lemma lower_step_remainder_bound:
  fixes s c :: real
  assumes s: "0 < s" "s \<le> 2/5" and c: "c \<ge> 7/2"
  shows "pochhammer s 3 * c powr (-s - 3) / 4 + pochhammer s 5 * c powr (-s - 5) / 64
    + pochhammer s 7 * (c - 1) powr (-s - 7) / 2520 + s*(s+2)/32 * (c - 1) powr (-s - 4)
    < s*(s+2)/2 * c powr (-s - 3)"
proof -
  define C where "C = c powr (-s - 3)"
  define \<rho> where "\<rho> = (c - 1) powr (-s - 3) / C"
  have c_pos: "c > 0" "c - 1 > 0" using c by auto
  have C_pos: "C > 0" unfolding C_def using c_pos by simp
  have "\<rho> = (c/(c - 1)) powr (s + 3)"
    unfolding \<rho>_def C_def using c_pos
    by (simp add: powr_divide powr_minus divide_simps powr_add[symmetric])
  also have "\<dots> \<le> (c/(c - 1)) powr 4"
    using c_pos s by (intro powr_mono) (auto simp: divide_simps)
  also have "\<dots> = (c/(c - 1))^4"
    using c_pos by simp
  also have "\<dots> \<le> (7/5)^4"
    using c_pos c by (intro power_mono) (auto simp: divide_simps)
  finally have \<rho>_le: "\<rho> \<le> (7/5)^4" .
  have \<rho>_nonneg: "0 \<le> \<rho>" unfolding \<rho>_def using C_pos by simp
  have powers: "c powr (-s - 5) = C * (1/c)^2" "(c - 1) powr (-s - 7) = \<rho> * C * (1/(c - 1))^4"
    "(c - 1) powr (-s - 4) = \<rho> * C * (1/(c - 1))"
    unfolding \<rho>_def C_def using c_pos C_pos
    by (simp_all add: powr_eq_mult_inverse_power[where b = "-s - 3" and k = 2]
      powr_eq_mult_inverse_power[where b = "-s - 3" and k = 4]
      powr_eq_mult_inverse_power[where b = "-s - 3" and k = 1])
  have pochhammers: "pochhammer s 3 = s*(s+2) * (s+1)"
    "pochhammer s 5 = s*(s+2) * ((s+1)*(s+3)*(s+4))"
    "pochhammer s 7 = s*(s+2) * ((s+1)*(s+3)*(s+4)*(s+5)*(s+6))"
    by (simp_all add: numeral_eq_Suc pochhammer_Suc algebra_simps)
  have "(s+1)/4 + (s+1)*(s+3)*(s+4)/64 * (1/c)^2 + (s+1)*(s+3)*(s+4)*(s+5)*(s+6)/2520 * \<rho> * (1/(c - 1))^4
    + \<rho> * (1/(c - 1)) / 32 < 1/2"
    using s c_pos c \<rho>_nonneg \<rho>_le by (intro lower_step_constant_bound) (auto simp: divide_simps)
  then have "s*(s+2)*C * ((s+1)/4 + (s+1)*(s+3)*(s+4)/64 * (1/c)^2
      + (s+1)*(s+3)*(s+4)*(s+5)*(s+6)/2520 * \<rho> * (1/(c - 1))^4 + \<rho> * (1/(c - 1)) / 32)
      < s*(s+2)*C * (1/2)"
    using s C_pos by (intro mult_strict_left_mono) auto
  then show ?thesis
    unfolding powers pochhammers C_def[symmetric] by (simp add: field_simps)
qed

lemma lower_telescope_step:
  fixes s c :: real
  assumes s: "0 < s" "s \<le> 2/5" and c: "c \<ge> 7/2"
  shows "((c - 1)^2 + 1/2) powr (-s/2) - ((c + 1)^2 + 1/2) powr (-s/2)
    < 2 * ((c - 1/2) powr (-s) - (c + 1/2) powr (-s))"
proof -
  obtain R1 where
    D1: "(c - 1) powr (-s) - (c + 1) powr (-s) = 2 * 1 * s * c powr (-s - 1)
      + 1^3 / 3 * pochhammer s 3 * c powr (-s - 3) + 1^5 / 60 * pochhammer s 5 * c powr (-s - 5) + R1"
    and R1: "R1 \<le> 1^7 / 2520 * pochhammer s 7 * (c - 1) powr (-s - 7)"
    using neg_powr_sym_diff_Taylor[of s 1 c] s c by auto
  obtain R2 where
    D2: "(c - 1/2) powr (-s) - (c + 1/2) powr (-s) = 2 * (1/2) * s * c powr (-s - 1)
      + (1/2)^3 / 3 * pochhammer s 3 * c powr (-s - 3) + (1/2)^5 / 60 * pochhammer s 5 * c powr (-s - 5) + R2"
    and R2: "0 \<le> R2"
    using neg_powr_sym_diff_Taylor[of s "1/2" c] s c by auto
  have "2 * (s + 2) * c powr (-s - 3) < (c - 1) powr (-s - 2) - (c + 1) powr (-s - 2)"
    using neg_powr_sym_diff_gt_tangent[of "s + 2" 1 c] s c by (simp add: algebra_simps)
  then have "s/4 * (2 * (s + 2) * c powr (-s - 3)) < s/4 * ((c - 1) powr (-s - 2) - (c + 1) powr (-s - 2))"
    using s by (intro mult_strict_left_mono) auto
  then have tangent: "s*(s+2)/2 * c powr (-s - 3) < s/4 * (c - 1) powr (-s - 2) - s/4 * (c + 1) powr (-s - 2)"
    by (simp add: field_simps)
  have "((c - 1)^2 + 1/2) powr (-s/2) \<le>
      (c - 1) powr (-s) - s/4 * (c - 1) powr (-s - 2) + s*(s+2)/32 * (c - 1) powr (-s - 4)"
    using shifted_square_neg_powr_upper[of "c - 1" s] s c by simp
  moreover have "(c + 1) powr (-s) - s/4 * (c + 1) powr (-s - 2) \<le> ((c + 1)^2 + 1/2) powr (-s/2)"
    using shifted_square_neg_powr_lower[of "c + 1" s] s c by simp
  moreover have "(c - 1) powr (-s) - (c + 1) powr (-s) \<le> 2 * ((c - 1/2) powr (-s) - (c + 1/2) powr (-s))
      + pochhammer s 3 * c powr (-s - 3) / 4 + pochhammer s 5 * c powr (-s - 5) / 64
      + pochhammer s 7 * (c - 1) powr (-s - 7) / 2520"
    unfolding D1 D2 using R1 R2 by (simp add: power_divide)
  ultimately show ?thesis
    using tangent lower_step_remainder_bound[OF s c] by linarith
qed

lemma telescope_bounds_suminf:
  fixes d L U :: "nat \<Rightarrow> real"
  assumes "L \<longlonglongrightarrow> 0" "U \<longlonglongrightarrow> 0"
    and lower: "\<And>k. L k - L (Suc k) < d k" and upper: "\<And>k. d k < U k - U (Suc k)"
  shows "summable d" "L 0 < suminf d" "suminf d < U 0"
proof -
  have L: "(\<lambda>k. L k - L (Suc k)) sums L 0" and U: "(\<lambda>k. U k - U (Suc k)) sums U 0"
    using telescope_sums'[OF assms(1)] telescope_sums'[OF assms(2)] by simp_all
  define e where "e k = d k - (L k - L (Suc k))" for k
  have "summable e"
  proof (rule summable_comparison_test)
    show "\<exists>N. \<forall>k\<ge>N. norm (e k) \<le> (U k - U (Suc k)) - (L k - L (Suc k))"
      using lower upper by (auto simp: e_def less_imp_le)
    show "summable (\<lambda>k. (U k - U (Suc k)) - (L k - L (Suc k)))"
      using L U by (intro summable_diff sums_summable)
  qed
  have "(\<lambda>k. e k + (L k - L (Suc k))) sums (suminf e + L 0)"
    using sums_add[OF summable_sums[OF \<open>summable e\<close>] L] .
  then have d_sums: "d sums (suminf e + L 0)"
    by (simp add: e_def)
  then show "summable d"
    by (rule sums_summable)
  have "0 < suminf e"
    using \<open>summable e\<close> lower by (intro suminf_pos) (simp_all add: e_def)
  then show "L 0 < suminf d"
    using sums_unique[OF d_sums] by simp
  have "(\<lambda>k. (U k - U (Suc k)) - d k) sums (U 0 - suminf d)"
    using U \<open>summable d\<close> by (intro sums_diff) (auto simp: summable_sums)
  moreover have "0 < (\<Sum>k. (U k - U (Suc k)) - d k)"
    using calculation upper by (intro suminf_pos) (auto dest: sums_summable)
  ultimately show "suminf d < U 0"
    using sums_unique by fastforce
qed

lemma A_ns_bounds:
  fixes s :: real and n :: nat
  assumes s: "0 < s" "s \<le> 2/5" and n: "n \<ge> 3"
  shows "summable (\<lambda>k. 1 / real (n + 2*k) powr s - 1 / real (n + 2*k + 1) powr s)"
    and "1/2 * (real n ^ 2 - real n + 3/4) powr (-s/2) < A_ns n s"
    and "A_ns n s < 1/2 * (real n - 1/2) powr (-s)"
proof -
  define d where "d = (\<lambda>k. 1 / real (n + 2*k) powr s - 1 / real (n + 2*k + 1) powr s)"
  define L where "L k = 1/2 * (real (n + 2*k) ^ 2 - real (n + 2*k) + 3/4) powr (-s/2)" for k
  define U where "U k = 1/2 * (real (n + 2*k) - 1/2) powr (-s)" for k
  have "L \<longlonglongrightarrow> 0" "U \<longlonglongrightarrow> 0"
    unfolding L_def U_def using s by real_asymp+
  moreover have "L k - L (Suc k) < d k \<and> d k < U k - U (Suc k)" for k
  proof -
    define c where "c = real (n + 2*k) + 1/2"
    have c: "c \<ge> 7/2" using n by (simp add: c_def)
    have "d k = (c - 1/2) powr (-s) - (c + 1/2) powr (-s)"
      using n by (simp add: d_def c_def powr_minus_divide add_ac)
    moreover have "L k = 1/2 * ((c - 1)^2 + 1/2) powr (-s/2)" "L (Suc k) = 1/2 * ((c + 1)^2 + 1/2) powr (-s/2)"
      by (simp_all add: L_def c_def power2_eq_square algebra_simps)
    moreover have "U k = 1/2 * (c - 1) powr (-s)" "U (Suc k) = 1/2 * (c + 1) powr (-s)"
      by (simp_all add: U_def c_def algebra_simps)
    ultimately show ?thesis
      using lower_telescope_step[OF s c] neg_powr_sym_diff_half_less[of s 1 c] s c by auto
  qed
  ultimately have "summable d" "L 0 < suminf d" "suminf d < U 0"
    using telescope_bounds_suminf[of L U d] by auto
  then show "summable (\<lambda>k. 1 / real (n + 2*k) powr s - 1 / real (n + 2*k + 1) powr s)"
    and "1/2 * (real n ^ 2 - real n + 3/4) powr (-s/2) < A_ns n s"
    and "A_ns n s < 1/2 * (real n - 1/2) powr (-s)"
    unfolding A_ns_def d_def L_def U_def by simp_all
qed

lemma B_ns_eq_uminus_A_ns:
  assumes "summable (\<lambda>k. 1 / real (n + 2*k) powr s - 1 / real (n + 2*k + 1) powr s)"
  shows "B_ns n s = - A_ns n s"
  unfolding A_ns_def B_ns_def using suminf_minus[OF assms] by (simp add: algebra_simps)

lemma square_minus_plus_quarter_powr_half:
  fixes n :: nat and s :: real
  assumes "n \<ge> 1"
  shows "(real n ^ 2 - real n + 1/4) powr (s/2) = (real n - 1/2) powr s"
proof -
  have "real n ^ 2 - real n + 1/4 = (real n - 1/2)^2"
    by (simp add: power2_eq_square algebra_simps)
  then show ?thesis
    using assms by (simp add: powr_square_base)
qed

==

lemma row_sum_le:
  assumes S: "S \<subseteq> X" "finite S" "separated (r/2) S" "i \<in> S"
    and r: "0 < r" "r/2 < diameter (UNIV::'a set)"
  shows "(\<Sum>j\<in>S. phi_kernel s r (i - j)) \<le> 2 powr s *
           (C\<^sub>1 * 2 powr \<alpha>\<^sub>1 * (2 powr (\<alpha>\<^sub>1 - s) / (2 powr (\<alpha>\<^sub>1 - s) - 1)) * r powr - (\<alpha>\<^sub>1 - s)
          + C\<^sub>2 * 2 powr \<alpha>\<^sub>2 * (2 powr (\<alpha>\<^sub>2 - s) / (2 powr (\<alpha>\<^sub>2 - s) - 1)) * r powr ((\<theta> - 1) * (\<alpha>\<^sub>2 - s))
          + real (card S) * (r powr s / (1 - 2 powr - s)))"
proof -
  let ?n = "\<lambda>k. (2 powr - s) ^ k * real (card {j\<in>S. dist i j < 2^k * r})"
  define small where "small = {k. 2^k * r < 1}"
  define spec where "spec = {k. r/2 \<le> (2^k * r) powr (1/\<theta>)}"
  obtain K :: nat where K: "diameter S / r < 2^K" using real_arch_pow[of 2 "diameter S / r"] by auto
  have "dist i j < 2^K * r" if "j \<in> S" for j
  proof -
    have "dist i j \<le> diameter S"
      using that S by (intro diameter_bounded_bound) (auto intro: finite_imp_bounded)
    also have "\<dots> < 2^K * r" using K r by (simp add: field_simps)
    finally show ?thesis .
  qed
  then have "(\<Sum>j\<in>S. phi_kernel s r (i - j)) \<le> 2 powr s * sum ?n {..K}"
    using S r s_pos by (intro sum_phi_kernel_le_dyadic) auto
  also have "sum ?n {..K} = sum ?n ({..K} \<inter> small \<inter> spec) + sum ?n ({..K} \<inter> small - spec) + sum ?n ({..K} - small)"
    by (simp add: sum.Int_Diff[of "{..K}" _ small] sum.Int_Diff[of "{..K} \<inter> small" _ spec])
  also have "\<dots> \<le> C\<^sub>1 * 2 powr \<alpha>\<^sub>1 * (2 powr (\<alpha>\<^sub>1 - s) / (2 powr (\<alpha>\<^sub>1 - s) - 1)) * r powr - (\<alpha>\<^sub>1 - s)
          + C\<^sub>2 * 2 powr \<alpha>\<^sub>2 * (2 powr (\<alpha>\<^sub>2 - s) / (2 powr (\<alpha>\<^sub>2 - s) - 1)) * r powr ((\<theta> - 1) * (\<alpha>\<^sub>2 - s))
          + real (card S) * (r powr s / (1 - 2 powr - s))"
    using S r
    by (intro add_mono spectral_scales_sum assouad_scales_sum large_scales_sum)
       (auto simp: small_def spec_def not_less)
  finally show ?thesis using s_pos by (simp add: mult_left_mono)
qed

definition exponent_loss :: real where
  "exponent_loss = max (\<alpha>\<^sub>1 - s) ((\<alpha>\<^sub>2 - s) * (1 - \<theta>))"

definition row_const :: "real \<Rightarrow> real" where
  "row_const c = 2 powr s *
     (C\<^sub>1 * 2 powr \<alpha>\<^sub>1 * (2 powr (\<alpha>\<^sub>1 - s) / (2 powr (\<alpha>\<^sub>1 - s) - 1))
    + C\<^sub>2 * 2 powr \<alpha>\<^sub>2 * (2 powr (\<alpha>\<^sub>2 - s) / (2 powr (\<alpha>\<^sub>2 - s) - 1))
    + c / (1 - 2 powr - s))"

> WHAT THE EXERCISE ASKS: Start with the line above that contains "using \<open>summable e\<close>" and stop after the line that contains "- d k) sums". Output those lines exactly, and only those.

> RESPONSE BOX:
    using \<open>summable e\<close> lower by (intro suminf_pos) (simp_all add: e_def)
  then show "L 0 < suminf d"
    using sums_unique[OF d_sums] by simp
  have "(\<lambda>k. (U k - U (Suc k)) - d k) sums (U 0 - suminf d)"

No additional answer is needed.